Idalia went into the other room and came back with an armful of leather of the same sort and color that she was wearing. She shook it out, revealing it to be a pair of pants—leggings, really—and a long voluminous shirt.

'I wanted to salvage your clothes, but all that was left by the time you got here was a pile of bloody rags, barely enough to make smallclothes with. This should be a good fit, though.' She held out her hand to him. 'Come on, now, I'll help you stand up.'

'But—' Kellen felt himself blushing. He hadn't been dressed by a woman since he was… well, a whole lot younger than this, anyway.

Idalia dropped the tunic and leggings on the bed and regarded him, hands on hips, an amused smile on her lips. 'Oh, come now, brother mine, who do you think cleaned you up, treated your wounds, and put you to bed when you got here?
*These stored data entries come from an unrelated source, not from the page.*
lemma integral_noise_chooses:
  fixes v :: "nat \<Rightarrow> real" and h :: "real \<Rightarrow> real"
  assumes \<beta>: "\<beta> > 0" and "finite J" "i \<in> A" "A \<subseteq> J"
    and [measurable]: "h \<in> borel_measurable borel"
    and "integrable (gumbel \<beta>) (\<lambda>e. h (v i + e))"
  defines "S \<equiv> exp_weight \<beta> v A"
  shows "(\<integral>\<omega>. h (v i + \<omega> i) * (if chooses A v \<omega> i then 1 else 0) \<partial>noise \<beta> J)
       = logit_prob \<beta> v A i * (\<integral>e. h (\<beta> * ln S + e) \<partial>gumbel \<beta>)"
proof -
  define s where "s = \<beta> * ln S - v i"
  have finA: "finite A" using assms finite_subset by auto
  have "(\<integral>\<omega>. h (v i + \<omega> i) * (if chooses A v \<omega> i then 1 else 0) \<partial>noise \<beta> J)
      = (\<integral>e. gumbel_pdf \<beta> e * (h (v i + e) * (\<Prod>t\<in>A-{i}. gumbel_cdf \<beta> (v i + e - v t))) \<partial>lborel)"
    unfolding integral_noise_chooses_eq_prod_cdf[where h=h and v=v, OF assms(1-6)] gumbel_def
    using \<beta> by (subst integral_density) (auto simp: gumbel_pdf_nonneg)
  also have "\<dots> = (\<integral>e. logit_prob \<beta> v A i * (gumbel_pdf \<beta> (e - s) * h (v i + e)) \<partial>lborel)"
  proof (rule Bochner_Integration.integral_cong[OF refl])
    fix e
    have "gumbel_pdf \<beta> e * (\<Prod>t\<in>A-{i}. gumbel_cdf \<beta> (v i + e - v t)) = logit_prob \<beta> v A i * gumbel_pdf \<beta> (e - s)"
      using gumbel_pdf_mult_prod_cdf[where v=v and e=e, OF \<beta> finA \<open>i \<in> A\<close>] \<open>i \<in> A\<close>
      unfolding logit_prob_def S_def s_def by simp
    then show "gumbel_pdf \<beta> e * (h (v i + e) * (\<Prod>t\<in>A-{i}. gumbel_cdf \<beta> (v i + e - v t))) =
        logit_prob \<beta> v A i * (gumbel_pdf \<beta> (e - s) * h (v i + e))"
      by (metis mult.commute mult.left_commute)
  qed
  also have "\<dots> = logit_prob \<beta> v A i * (\<integral>e. gumbel_pdf \<beta> (e - s) * h (v i + e) \<partial>lborel)"
    by simp
  also have "(\<integral>e. gumbel_pdf \<beta> (e - s) * h (v i + e) \<partial>lborel) =
      \<bar>1\<bar> *\<^sub>R (\<integral>x. gumbel_pdf \<beta> ((s + 1 * x) - s) * h (v i + (s + 1 * x)) \<partial>lborel)"
    by (rule lborel_integral_real_affine) simp
  also have "\<dots> = (\<integral>x. gumbel_pdf \<beta> x * h (\<beta> * ln S + x) \<partial>lborel)"
    by (simp add: s_def algebra_simps)
  also have "\<dots> = (\<integral>x. h (\<beta> * ln S + x) \<partial>gumbel \<beta>)"
    unfolding gumbel_def using \<beta> by (subst integral_density) (auto simp: gumbel_pdf_nonneg)
  finally show ?thesis .
qed

lemma measure_noise_chooses:
  assumes \<beta>: "\<beta> > 0" and "finite J" "k \<in> A" "A \<subseteq> J"
  shows "measure (noise \<beta> J) {\<omega> \<in> space (noise \<beta> J). chooses A v \<omega> k} = logit_prob \<beta> v A k"
proof -
  interpret G: prob_space "gumbel \<beta>" using \<beta> by (rule prob_space_gumbel)
  have "(\<integral>\<omega>. (\<lambda>_. 1::real) (v k + \<omega> k) * (if chooses A v \<omega> k then 1 else 0) \<partial>noise \<beta> J)
      = logit_prob \<beta> v A k * (\<integral>e. (\<lambda>_. 1::real) (\<beta> * ln (exp_weight \<beta> v A) + e) \<partial>gumbel \<beta>)"
    using assms by (intro integral_noise_chooses) auto
  moreover have "(\<integral>\<omega>. (\<lambda>_. 1::real) (v k + \<omega> k) * (if chooses A v \<omega> k then 1 else 0) \<partial>noise \<beta> J) =
      (\<integral>\<omega>. indicator {\<omega> \<in> space (noise \<beta> J). chooses A v \<omega> k} \<omega> \<partial>noise \<beta> J)"
    by (rule Bochner_Integration.integral_cong) (auto simp: indicator_def)
  ultimately show ?thesis
    using G.prob_space by (simp add: Int_absorb2 Collect_subset)
qed

lemma AE_noise_ex_chooses:
  assumes \<beta>: "\<beta> > 0" and "finite J" "A \<subseteq> J" "A \<noteq> {}"
  shows "AE \<omega> in noise \<beta> J. \<exists>k\<in>A. chooses A v \<omega> k"
proof -
  interpret N: prob_space "noise \<beta> J" using \<beta> by (rule prob_space_noise)
  define C where "C k = {\<omega> \<in> space (noise \<beta> J). chooses A v \<omega> k}" for k
  have finA: "finite A" using assms finite_subset by auto
  have "C k \<in> sets (noise \<beta> J)" for k
    unfolding C_def using pred_noise_chooses[OF finA \<open>A \<subseteq> J\<close>] by measurable
  moreover have "disjoint_family_on C A"
    by (auto simp: disjoint_family_on_def C_def dest: chooses_unique)
  ultimately have "measure (noise \<beta> J) (\<Union>k\<in>A. C k) = (\<Sum>k\<in>A. measure (noise \<beta> J) (C k))"
    using finA by (intro N.finite_measure_finite_Union) auto
  also have "\<dots> = 1"
    using measure_noise_chooses[OF \<beta> \<open>finite J\<close> _ \<open>A \<subseteq> J\<close>] sum_logit_prob[OF finA \<open>A \<noteq> {}\<close>]
    by (simp add: C_def)
  finally have "AE \<omega> in noise \<beta> J. \<omega> \<in> (\<Union>k\<in>A. C k)" by (rule N.AE_prob_1)
  then show ?thesis by eventually_elim (auto simp: C_def)
qed

lemma integral_noise_chosen_value:
  assumes \<beta>: "\<beta> > 0" and "finite J" "A \<subseteq> J"
  shows "(\<integral>\<omega>. (v i + \<omega> i) * (if chooses A v \<omega> i then 1 else 0) \<partial>noise \<beta> J) =
     logit_prob \<beta> v A i * (\<beta> * ln (exp_weight \<beta> v A) + (\<integral>e. e \<partial>gumbel \<beta>))"
proof (cases "i \<in> A")
  case True
  have "(\<integral>\<omega>. (\<lambda>x. x) (v i + \<omega> i) * (if chooses A v \<omega> i then 1 else 0) \<partial>noise \<beta> J)
      = logit_prob \<beta> v A i * (\<integral>e. (\<lambda>x. x) (\<beta> * ln (exp_weight \<beta> v A) + e) \<partial>gumbel \<beta>)"
    using assms True by (intro integral_noise_chooses) (auto intro: integrable_gumbel_shift)
  then show ?thesis using integral_gumbel_shift[OF \<beta>] by simp
qed (simp add: chooses_def logit_prob_def)
(* Every closed quantifier $Q\subseteq 2^{\mathbb{N}^k}$ has a unique support, i.e. there is a unique $\subseteq$-minimal set $S\subseteq\mathbb{N}^k$ supporting $Q$.
   Context: A quantifier of type $\langle k\rangle$ on $\mathbb{N}$ is a family $Q$ of subsets of $\mathbb{N}^k$, identified with a subset of $2^{\mathbb{N}^k}$ (product topology). A set $S\subseteq\mathbb{N}^k$ supports $Q$ if for all $A,B\subseteq\mathbb{N}^k$ with $A\cap S=B\cap S$ we have $A\in Q\iff B\in Q$. A support of $Q$ is a minimal (under inclusion) set supporting $Q$. *)

theory Defs
  imports "HOL-Analysis.Analysis"
begin

text \<open>Points of N^k are vectors of type nat^'k (with CARD('k) = k).
  A quantifier Q is a family of subsets of N^k; it is identified with the set of
  characteristic functions in the Cantor-type space (nat^'k => bool), which carries
  the product topology (bool has the discrete topology).\<close>

definition supports :: "'a set set \<Rightarrow> 'a set \<Rightarrow> bool" where
  "supports Q S \<longleftrightarrow> (\<forall>A B. A \<inter> S = B \<inter> S \<longrightarrow> (A \<in> Q \<longleftrightarrow> B \<in> Q))"

definition is_support :: "'a set set \<Rightarrow> 'a set \<Rightarrow> bool" where
  "is_support Q S \<longleftrightarrow> supports Q S \<and> (\<forall>T. T \<subseteq> S \<and> supports Q T \<longrightarrow> T = S)"

definition char_fun :: "'a set \<Rightarrow> ('a \<Rightarrow> bool)" where
  "char_fun A = (\<lambda>x. x \<in> A)"

end

theory Submission
  imports Defs
begin

(*
  Supporting sets of a quantifier Q are closed under finite
  intersections (patch A into B outside one supporting set, then use the
  other).  Let S0 be the intersection of ALL supporting sets.  If S0 itself
  supports Q, it is the least supporting set, hence the unique minimal one.
  For a closed Q this is the case: given A \<in> Q and B agreeing with A on S0,
  every finite window F of B is matched by a member of Q, namely A patched
  into B on a finite intersection S' of supporting sets avoiding F - S0;
  closedness of Q in the product topology of ('a \<Rightarrow> bool) then gives B \<in> Q.
*)

lemma supports_patch:
  assumes "supports Q S" "A \<in> Q"
  shows "(A \<inter> S) \<union> (B - S) \<in> Q"
proof -
  have "((A \<inter> S) \<union> (B - S)) \<inter> S = A \<inter> S" by auto
  then show ?thesis using assms unfolding supports_def by metis
qed

lemma supports_Int:
  assumes S: "supports Q S" and T: "supports Q T"
  shows "supports Q (S \<inter> T)"
  unfolding supports_def
proof (intro allI impI)
  fix A B assume agree: "A \<inter> (S \<inter> T) = B \<inter> (S \<inter> T)"
  define C where "C = (A \<inter> S) \<union> (B - S)"
  have "A \<in> Q \<longleftrightarrow> C \<in> Q"
  proof -
    have "C \<inter> S = A \<inter> S" unfolding C_def by auto
    then show ?thesis using S unfolding supports_def by metis
  qed
  moreover have "C \<in> Q \<longleftrightarrow> B \<in> Q"
  proof -
    have "C \<inter> T = B \<inter> T" using agree unfolding C_def by blast
    then show ?thesis using T unfolding supports_def by metis
  qed
  ultimately show "A \<in> Q \<longleftrightarrow> B \<in> Q" by simp
qed

lemma supports_INT_finite:
  assumes "finite F" "\<And>x. x \<in> F \<Longrightarrow> supports Q (G x)"
  shows "supports Q (\<Inter>x\<in>F. G x)"
  using assms
proof (induction F rule: finite_induct)
  case empty
  show ?case by (simp add: supports_def)
next
  case (insert x F)
  then show ?case by (simp add: supports_Int)
qed

lemma unique_support_if_Inter_supports:
  assumes "supports Q (\<Inter>{S. supports Q S})"
  shows "\<exists>!S. is_support Q S"
proof -
  let ?S0 = "\<Inter>{S. supports Q S}"
  have least: "?S0 \<subseteq> T" if "supports Q T" for T using that by auto
  have "is_support Q ?S0" using assms least unfolding is_support_def by auto
  moreover have "S = ?S0" if "is_support Q S" for S
    using that assms least unfolding is_support_def by blast
  ultimately show ?thesis by blast
qed

text \<open>Membership in a closed family: B belongs to Q as soon as every finite
  window of B is realised by some member of Q (B lies in the closure).\<close>
lemma closed_family_mem:
  fixes Q :: "'a set set"
  assumes closed: "closed (char_fun ` Q)"
    and window: "\<And>F. finite F \<Longrightarrow> \<exists>C\<in>Q. C \<inter> F = B \<inter> F"
  shows "B \<in> Q"
proof (rule ccontr)
  assume "B \<notin> Q"
  then have outside: "char_fun B \<in> - (char_fun ` Q)"
    unfolding char_fun_def by (metis (no_types) ComplI image_iff Collect_mem_eq)
  have "open (- (char_fun ` Q))" using closed by (rule open_Compl)
  then have "openin (product_topology (\<lambda>i. euclidean) UNIV) (- (char_fun ` Q))"
    unfolding open_fun_def by simp
  from product_topology_open_contains_basis[OF this outside]
  obtain X where X: "char_fun B \<in> (\<Pi>\<^sub>E i\<in>UNIV. X i)"
      "finite {i. X i \<noteq> topspace euclidean}"
      "(\<Pi>\<^sub>E i\<in>UNIV. X i) \<subseteq> - (char_fun ` Q)" by auto
  define F where "F = {i. X i \<noteq> UNIV}"
  have "finite F" using X(2) unfolding F_def by simp
  then obtain C where C: "C \<in> Q" "C \<inter> F = B \<inter> F" using window by blast
  have "char_fun C i \<in> X i" for i
  proof (cases "i \<in> F")
    case True
    then have "char_fun C i = char_fun B i" using C(2) unfolding char_fun_def by blast
    then show ?thesis using X(1) by auto
  next
    case False
    then show ?thesis unfolding F_def by auto
  qed
  then have "char_fun C \<in> (\<Pi>\<^sub>E i\<in>UNIV. X i)" by auto
  with X(3) C(1) show False by auto
qed

lemma closed_Inter_supports:
  fixes Q :: "'a set set"
  assumes closed: "closed (char_fun ` Q)"
  shows "supports Q (\<Inter>{S. supports Q S})"
proof -
  define S0 where "S0 = \<Inter>{S. supports Q S}"
  have "B \<in> Q" if A: "A \<in> Q" and agree: "A \<inter> S0 = B \<inter> S0" for A B
  proof (rule closed_family_mem[OF closed])
    fix F :: "'a set" assume "finite F"
    have "\<exists>S. supports Q S \<and> x \<notin> S" if "x \<in> F - S0" for x
      using that unfolding S0_def by blast
    then obtain G where G: "\<And>x. x \<in> F - S0 \<Longrightarrow> supports Q (G x) \<and> x \<notin> G x" by metis
    define S' where "S' = (\<Inter>x\<in>F - S0. G x)"
    have "supports Q S'"
      unfolding S'_def using \<open>finite F\<close> G by (intro supports_INT_finite) auto
    then have "(A \<inter> S') \<union> (B - S') \<in> Q" using A by (rule supports_patch)
    moreover have "S' \<inter> F \<subseteq> S0" using G unfolding S'_def by blast
    then have "((A \<inter> S') \<union> (B - S')) \<inter> F = B \<inter> F" using agree by blast
    ultimately show "\<exists>C\<in>Q. C \<inter> F = B \<inter> F" by blast
  qed
  then have "supports Q S0" unfolding supports_def by blast
  then show ?thesis unfolding S0_def .
qed

theorem lemma16:
  fixes Q :: "(nat ^ 'k) set set"
  assumes "closed (char_fun ` Q)"
  shows "\<exists>!S. is_support Q S"
  using unique_support_if_Inter_supports[OF closed_Inter_supports[OF assms]] .

end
And I bathed you and put you to bed every night until you were six; that ought to count for something.'

'But—' Kellen swung his legs over the edge of the bed—still clutching the blanket to him—and stared up at her. 'Idalia, I don't remember you,' he blurted, feeling the fear begin to well up within him once more.

Idalia sighed, and tugged on one of her braids. 'I know, Kellen,' she said gently. 'Father told me he'd do that, just before the Constables came. Look, just think of me as—as a servant, and we'll get this over with.'

Kellen flushed. 'I still don't remember you. And you don't seem old enough to—to have gone away when you said.' Everyone who had cared for him in his childhood had been very, very old; he remembered that much. And his last 'Nursie' had departed when he'd been five, not six.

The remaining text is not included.